**The input**
· · · ·

lemma exists_det_gram_mat_ge:
  fixes e :: "nat \<Rightarrow> complex \<Rightarrow> complex \<times> complex"
  assumes cont: "\<And>i. i < M \<Longrightarrow> continuous_on UNIV (e i)"
    and orth: "\<And>i i'. i < M \<Longrightarrow> i' < M \<Longrightarrow> L2ip (e i) (e i') = (if i = i' then 1 else 0)"
    and area: "torus_area > 0"
  shows "n \<le> M \<Longrightarrow> \<exists>j a. (\<forall>c<n. j c \<in> {1, 2}) \<and>
           (\<Prod>i<n. real (M - i)) / (2 * torus_area) ^ n \<le> Re (Determinant.det (gram_mat M n (Emat_column e j a)))"
proof (induction n)
  case 0
  have "gram_mat M 0 u = 1\<^sub>m 0" for u
    by (rule eq_matI) (auto simp: gram_mat_def)
  then show ?case by simp
next
  case (Suc n)
  then obtain j a where j: "\<forall>c<n. j c \<in> {1, 2}"
    and IH: "(\<Prod>i<n. real (M - i)) / (2 * torus_area) ^ n \<le> Re (Determinant.det (gram_mat M n (Emat_column e j a)))"
    by auto
  define u where "u = Emat_column e j a"
  define dG where "dG = Determinant.det (gram_mat M n u)"
  have "0 < (\<Prod>i<n. real (M - i)) / (2 * torus_area) ^ n"
    using Suc.prems area by (auto intro!: prod_pos divide_pos_pos)
  then have "dG \<noteq> 0" using IH by (auto simp: dG_def u_def)
  obtain k x where k: "k \<in> {1, 2}"
    and x: "Re (\<Sum>r<M. gram_compl_form M n u r r) \<le> 2 * torus_area * Re (quad_form_at e M (gram_compl_form M n u) k x)"
    using exists_point_quad_form_at_ge_trace[OF cont orth] by blast
  have "(\<Prod>i<Suc n. real (M - i)) / (2 * torus_area) ^ Suc n =
      (real M - real n) * ((\<Prod>i<n. real (M - i)) / (2 * torus_area) ^ n) / (2 * torus_area)"
    using Suc.prems by (simp add: of_nat_diff mult_ac)
  also have "\<dots> \<le> (real M - real n) * Re dG / (2 * torus_area)"
    using IH Suc.prems area by (intro divide_right_mono mult_left_mono) (auto simp: dG_def u_def)
  also have "\<dots> \<le> Re (Determinant.det (gram_mat M (Suc n) (Emat_column e (j(n := k)) (a(n := x)))))"
    using x area \<open>dG \<noteq> 0\<close>
    by (simp add: Emat_column_upd det_gram_mat_extend sum_diag_gram_compl_form quad_form_at_def
        divide_le_eq mult.commute dG_def u_def)
  finally have bound: "(\<Prod>i<Suc n. real (M - i)) / (2 * torus_area) ^ Suc n \<le>
      Re (Determinant.det (gram_mat M (Suc n) (Emat_column e (j(n := k)) (a(n := x)))))" .
  have "\<forall>c<Suc n. (j(n := k)) c \<in> {1, 2}"
    using j k by (auto simp: less_Suc_eq)
  with bound show ?case by (intro exI conjI)
qed

lemma det_map_mat_cnj: "Determinant.det (map_mat cnj A) = cnj (Determinant.det A)"
  unfolding Determinant.det_def by (simp add: cnj_sum cnj_prod)

lemma det_gram_mat_Emat_column:
  "Determinant.det (gram_mat N N (Emat_column e j a)) = complex_of_real (cmod (Determinant.det (Emat N e j a)) ^ 2)"
proof -
  define E where "E = Emat N e j a"
  have E: "E \<in> carrier_mat N N" by (simp add: E_def Emat_def)
  have "gram_mat N N (Emat_column e j a) = map_mat cnj (transpose_mat E) * E"
    by (rule eq_matI)
       (use E in \<open>auto simp: gram_mat_def Emat_column_def E_def Emat_def scalar_prod_def lessThan_atLeast0
         intro!: sum.cong\<close>)
  then have "Determinant.det (gram_mat N N (Emat_column e j a)) =
      Determinant.det (map_mat cnj (transpose_mat E)) * Determinant.det E"
    using det_mult[OF _ E] E by simp
  also have "Determinant.det (map_mat cnj (transpose_mat E)) = cnj (Determinant.det E)"
    using det_map_mat_cnj det_transpose[OF E] by simp
  finally show ?thesis unfolding complex_norm_square by (simp add: E_def mult.commute)
qed

theorem mainTheorem9:
  fixes N :: nat and e :: "nat \<Rightarrow> complex \<Rightarrow> complex \<times> complex"
  assumes cont: "\<And>i. i < N \<Longrightarrow> continuous_on UNIV (e i)"
    and per: "\<And>i. i < N \<Longrightarrow> gamma_periodic (e i)"
    and orth: "\<And>i i'. i < N \<Longrightarrow> i' < N \<Longrightarrow> L2ip (e i) (e i') = (if i = i' then 1 else 0)"
  shows "\<exists>j a. (\<forall>c<N. j c \<in> {1, 2}) \<and>
           cmod (Determinant.det (Emat N e j a)) \<ge>
             sqrt (fact N) / (2 powr (real N / 2) * torus_area powr (real N / 2))"
proof (cases "torus_area > 0")
  case False
  then have "torus_area = 0"
    using measure_nonneg[of lborel fund_dom] unfolding torus_area_def by linarith
  then show ?thesis by (intro exI[of _ "\<lambda>_. 1"] exI[of _ "\<lambda>_. 0"]) simp
next
  case area: True
  obtain j a where j: "\<forall>c<N. j c \<in> {1, 2}"
    and bound: "(\<Prod>i<N. real (N - i)) / (2 * torus_area) ^ N \<le> cmod (Determinant.det (Emat N e j a)) ^ 2"
    using exists_det_gram_mat_ge[of N e, OF cont orth area le_refl] by (auto simp: det_gram_mat_Emat_column)
  have "2 powr (real N / 2) * torus_area powr (real N / 2) = sqrt ((2 * torus_area) ^ N)"
    using area by (simp add: powr_half_sqrt_powr powr_realpow real_sqrt_mult power_mult_distrib)
  then have "sqrt (fact N) / (2 powr (real N / 2) * torus_area powr (real N / 2)) =
      sqrt ((\<Prod>i<N. real (N - i)) / (2 * torus_area) ^ N)"
    by (simp add: real_sqrt_divide fact_prod_rev lessThan_atLeast0 of_nat_prod)
  also have "\<dots> \<le> cmod (Determinant.det (Emat N e j a))"
    using bound real_le_lsqrt by (simp add: real_sqrt_le_iff)
  finally show ?thesis using j by blast
qed

end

· · · ·

**What to do**
Tally the lines above that include "rule", and reply with only the tally.

**Reply to the exercise**
2